*** Supplied material ***

(* There is an absolute constant $c>0$ such that for all positive integers $f,l$ and every $N$ that is a positive multiple of $l^f$, there is an Ising instance on $N$ variables (with integer coefficients) whose graph $G$ has every vertex of degree at most $d=f(l-1)$, and which has at least $$2^{N\left(1-\frac{f\log_2(f\sqrt l/c)}{l}\right)}$$ global minima, every one of which is a $(2^f-1)$-minimum.
   Context: An Ising instance on $N$ variables is given by real numbers $h_i$ and $J_{ij}=J_{ji}$ ($i\neq j$), $J_{ii}=0$, and (up to an additive constant, which is irrelevant) defines $H(S)=\frac14\sum_ih_iS_i+\frac14\sum_{i<j}J_{ij}S_iS_j$ on $S\in\{-1,+1\}^N$. Its graph $G$ has vertices $1,\dots,N$ and an edge $\{i,j\}$ iff $J_{ij}\neq0$. A global minimum is an assignment minimizing $H$. For an integer $k\ge1$, an assignment $A$ is a $k$-minimum if every assignment differing from $A$ in at least one and at most $k$ variables has a strictly larger value of $H$. *)

theory Defs
  imports Complex_Main "HOL-Library.FuncSet"
begin

definition assignments :: "nat \<Rightarrow> (nat \<Rightarrow> int) set" where
  "assignments N = {0..<N} \<rightarrow>\<^sub>E {-1, 1}"

definition ising_instance :: "nat \<Rightarrow> (nat \<Rightarrow> int) \<Rightarrow> (nat \<Rightarrow> nat \<Rightarrow> int) \<Rightarrow> bool" where
  "ising_instance N h J \<longleftrightarrow> (\<forall>i<N. \<forall>j<N. J i j = J j i) \<and> (\<forall>i<N. J i i = 0)"

definition energy :: "nat \<Rightarrow> (nat \<Rightarrow> int) \<Rightarrow> (nat \<Rightarrow> nat \<Rightarrow> int) \<Rightarrow> (nat \<Rightarrow> int) \<Rightarrow> real" where
  "energy N h J S = (1/4) * (\<Sum>i<N. real_of_int (h i * S i))
     + (1/4) * (\<Sum>(i,j)\<in>{(i,j). i < j \<and> j < N}. real_of_int (J i j * S i * S j))"

definition vertex_degree :: "nat \<Rightarrow> (nat \<Rightarrow> nat \<Rightarrow> int) \<Rightarrow> nat \<Rightarrow> nat" where
  "vertex_degree N J i = card {j. j < N \<and> j \<noteq> i \<and> J i j \<noteq> 0}"

definition hamming :: "nat \<Rightarrow> (nat \<Rightarrow> int) \<Rightarrow> (nat \<Rightarrow> int) \<Rightarrow> nat" where
  "hamming N A B = card {i. i < N \<and> A i \<noteq> B i}"

definition global_min :: "nat \<Rightarrow> (nat \<Rightarrow> int) \<Rightarrow> (nat \<Rightarrow> nat \<Rightarrow> int) \<Rightarrow> (nat \<Rightarrow> int) \<Rightarrow> bool" where
  "global_min N h J A \<longleftrightarrow> A \<in> assignments N \<and>
     (\<forall>S \<in> assignments N. energy N h J A \<le> energy N h J S)"

definition k_minimum :: "nat \<Rightarrow> (nat \<Rightarrow> int) \<Rightarrow> (nat \<Rightarrow> nat \<Rightarrow> int) \<Rightarrow> nat \<Rightarrow> (nat \<Rightarrow> int) \<Rightarrow> bool" where
  "k_minimum N h J k A \<longleftrightarrow> A \<in> assignments N \<and>
     (\<forall>S \<in> assignments N. 1 \<le> hamming N A S \<and> hamming N A S \<le> k \<longrightarrow>
        energy N h J A < energy N h J S)"

end

theory Submission
  imports Defs "HOL-Analysis.Convex"
begin

text \<open>The instance lives on \<open>q\<close> copies of the grid \<open>[m]\<^sup>f\<close>, where \<open>m\<close> is the largest even number
  \<open>\<le> l\<close>, embedded into the \<open>N = q l\<^sup>f\<close> variables. Variables off the grid get field \<open>1\<close>, and every
  axis-parallel line \<open>L\<close> of the grid contributes \<open>(\<Sum>v\<in>L. S v)\<^sup>2\<close> through the couplings. Hence
  the ground states are exactly the balanced assignments: \<open>-1\<close> off the grid and summing to zero on
  every line. Every nonempty set of fewer than \<open>2\<^sup>f\<close> grid points meets some line in exactly one
  point, so distinct ground states differ in at least \<open>2\<^sup>f\<close> variables.

  To count balanced assignments, note that \<open>m\<close>-tuples of balanced assignments on the
  \<open>f\<close>-dimensional grid whose columns sum to zero interleave into balanced assignments on the
  \<open>(f+1)\<close>-dimensional grid. Concatenating two \<open>m/2\<close>-tuples with equal column sums, the second one
  negated, produces such tuples; by Cauchy--Schwarz and a second moment estimate a fraction
  \<open>(kappa / sqrt m) ^ card grid\<close> of all \<open>m\<close>-tuples has zero column sums. Iterating over \<open>f\<close>
  gives the bound with \<open>c = kappa / 2\<close>.\<close>

section \<open>Zero-sum tuples of sign vectors\<close>

lemma card_mult_exp_mean_le_sum_exp:
  fixes a :: "'a \<Rightarrow> real"
  assumes "finite Y" "Y \<noteq> {}"
  shows "real (card Y) * exp ((\<Sum>U\<in>Y. a U) / card Y) \<le> (\<Sum>U\<in>Y. exp (a U))"
proof -
  define b where "b = (\<Sum>U\<in>Y. a U) / card Y"
  have tangent: "exp b * (1 + (a U - b)) \<le> exp (a U)" for U
  proof -
    have "exp b * (1 + (a U - b)) \<le> exp b * exp (a U - b)"
      by simp
    also have "\<dots> = exp (a U)" by (simp add: exp_add[symmetric])
    finally show ?thesis .
  qed
  have "(\<Sum>U\<in>Y. exp b * (1 + (a U - b))) = exp b * (card Y + (\<Sum>U\<in>Y. a U) - card Y * b)"
    by (simp add: sum_distrib_left[symmetric] sum.distrib sum_subtractf)
  also have "\<dots> = real (card Y) * exp b"
    using assms by (simp add: b_def)
  finally show ?thesis
    using sum_mono[of Y "\<lambda>U. exp b * (1 + (a U - b))", OF tangent] by (simp add: b_def)
qed

lemma sum_lessThan_add:
  fixes f :: "nat \<Rightarrow> 'a::comm_monoid_add"
  shows "(\<Sum>i<p + q. f i) = (\<Sum>i<p. f i) + (\<Sum>i<q. f (p + i))"
  by (induction q) (auto simp: add.assoc)

definition flip_on :: "'b set \<Rightarrow> ('b \<Rightarrow> int) \<Rightarrow> 'b \<Rightarrow> int" where
  "flip_on C S = (\<lambda>x. if x \<in> C then - S x else S x)"

lemma flip_on_flip_on [simp]: "flip_on C (flip_on C S) = S"
  by (simp add: flip_on_def fun_eq_iff)

text \<open>The flip symmetry makes distinct rows uncorrelated.\<close>

lemma sum_square_column_sum:
  fixes X :: "('b \<Rightarrow> int) set"
  assumes "finite X" and x: "x \<in> C"
    and unit: "\<And>S. S \<in> X \<Longrightarrow> \<bar>S x\<bar> = 1"
    and flip: "\<And>S. S \<in> X \<Longrightarrow> flip_on C S \<in> X"
  shows "(\<Sum>U\<in>{0..<p} \<rightarrow>\<^sub>E X. (\<Sum>i<p. U i x)\<^sup>2) = int p * int (card X ^ p)"
proof -
  define Y where "Y = {0..<p} \<rightarrow>\<^sub>E X"
  have correlation: "(\<Sum>U\<in>Y. U i x * U j x) = (if i = j then int (card Y) else 0)"
    if ij: "i < p" "j < p" for i j
  proof (cases "i = j")
    case True
    have "U i x * U i x = 1" if "U \<in> Y" for U
    proof -
      have "\<bar>U i x\<bar> = 1" using unit PiE_mem[OF that[unfolded Y_def]] ij by simp
      then show ?thesis by (metis abs_mult_self_eq mult_1)
    qed
    then show ?thesis using True by simp
  next
    case False
    define \<tau> where "\<tau> U = U(j := flip_on C (U j))" for U :: "nat \<Rightarrow> 'b \<Rightarrow> int"
    have \<tau>_Y: "\<tau> U \<in> Y" if "U \<in> Y" for U
      using that ij flip by (auto simp: Y_def \<tau>_def PiE_iff extensional_def)
    have \<tau>_\<tau>: "\<tau> (\<tau> U) = U" for U
      by (simp add: \<tau>_def)
    have \<tau>_odd: "\<tau> U i x * \<tau> U j x = - (U i x * U j x)" for U
      using False x by (simp add: \<tau>_def flip_on_def)
    have "(\<Sum>U\<in>Y. U i x * U j x) = (\<Sum>U\<in>Y. - (U i x * U j x))"
      by (rule sum.reindex_bij_witness[where i=\<tau> and j=\<tau>]) (simp_all add: \<tau>_Y \<tau>_\<tau> \<tau>_odd)
    then show ?thesis using False by (simp add: sum_negf)
  qed
  have "(\<Sum>U\<in>Y. (\<Sum>i<p. U i x)\<^sup>2) = (\<Sum>i<p. \<Sum>j<p. \<Sum>U\<in>Y. U i x * U j x)"
    by (simp add: power2_eq_square sum_product sum.swap[of _ Y])
  also have "\<dots> = int p * int (card Y)"
    by (simp add: correlation)
  finally show ?thesis by (simp add: Y_def card_PiE)
qed

lemma sum_exp_abs_le:
  fixes p m :: nat
  assumes "1 \<le> m"
  shows "(\<Sum>t\<in>{-int p..int p}. exp (-2 * \<bar>real_of_int t\<bar> / sqrt m)) \<le> 3 * sqrt m"
proof -
  define g where "g t = exp (-2 * \<bar>real_of_int t\<bar> / sqrt m)" for t :: int
  define r where "r = exp (-2 / sqrt m)"
  have sqrt_m: "sqrt m \<ge> 1" using assms by simp
  have r: "0 < r" "r < 1" using sqrt_m by (auto simp: r_def)
  have "{-int p..int p} = uminus ` {1..int p} \<union> {0..int p}"
    by (auto simp: image_iff intro!: bexI[where x="- _"])
  then have "(\<Sum>t\<in>{-int p..int p}. g t) = (\<Sum>t\<in>uminus ` {1..int p}. g t) + (\<Sum>t\<in>{0..int p}. g t)"
    by (simp add: sum.union_disjoint[symmetric] disjoint_iff)
  also have "(\<Sum>t\<in>uminus ` {1..int p}. g t) = (\<Sum>t\<in>{1..int p}. g (- t))"
    using sum.reindex[of uminus "{1..int p}" g] by simp
  also have "\<dots> = (\<Sum>t\<in>{1..int p}. g t)"
    by (simp add: g_def)
  also have "\<dots> \<le> (\<Sum>t\<in>{0..int p}. g t)"
    by (rule sum_mono2) (auto simp: g_def)
  also have "(\<Sum>t\<in>{0..int p}. g t) = (\<Sum>n<Suc p. r ^ n)"
  proof -
    have "{0..int p} = int ` {..<Suc p}"
      by (auto simp: image_iff intro!: bexI[where x="nat _"])
    then show ?thesis
      by (simp add: sum.reindex g_def r_def exp_of_nat_mult[symmetric] mult.commute del: sum.lessThan_Suc)
  qed
  also have "(\<Sum>n<Suc p. r ^ n) \<le> 1 / (1 - r)"
    using r by (simp add: sum_gp_strict divide_right_mono del: sum.lessThan_Suc)
  also have "1 / (1 - r) \<le> 1 + sqrt m / 2"
  proof -
    define y where "y = 2 / sqrt m"
    have y: "y > 0" using sqrt_m by (simp add: y_def)
    have "r * (1 + y) \<le> r * exp y"
      using r by simp
    also have "\<dots> = 1" by (simp add: r_def y_def exp_minus field_simps)
    finally have "y / (1 + y) \<le> 1 - r" using y by (simp add: field_simps)
    then have "1 / (1 - r) \<le> (1 + y) / y"
      using y r by (simp add: divide_simps mult.commute)
    also have "\<dots> = 1 + sqrt m / 2" using sqrt_m by (simp add: y_def field_simps)
    finally show ?thesis .
  qed
  finally show ?thesis using sqrt_m unfolding g_def by linarith
qed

*** End of Supplied material ***

### [Task]
Working through the data above, find every line holding "correlation" and copy it.

### [Reply to the task]
  have correlation: "(\<Sum>U\<in>Y. U i x * U j x) = (if i = j then int (card Y) else 0)"
    by (simp add: correlation)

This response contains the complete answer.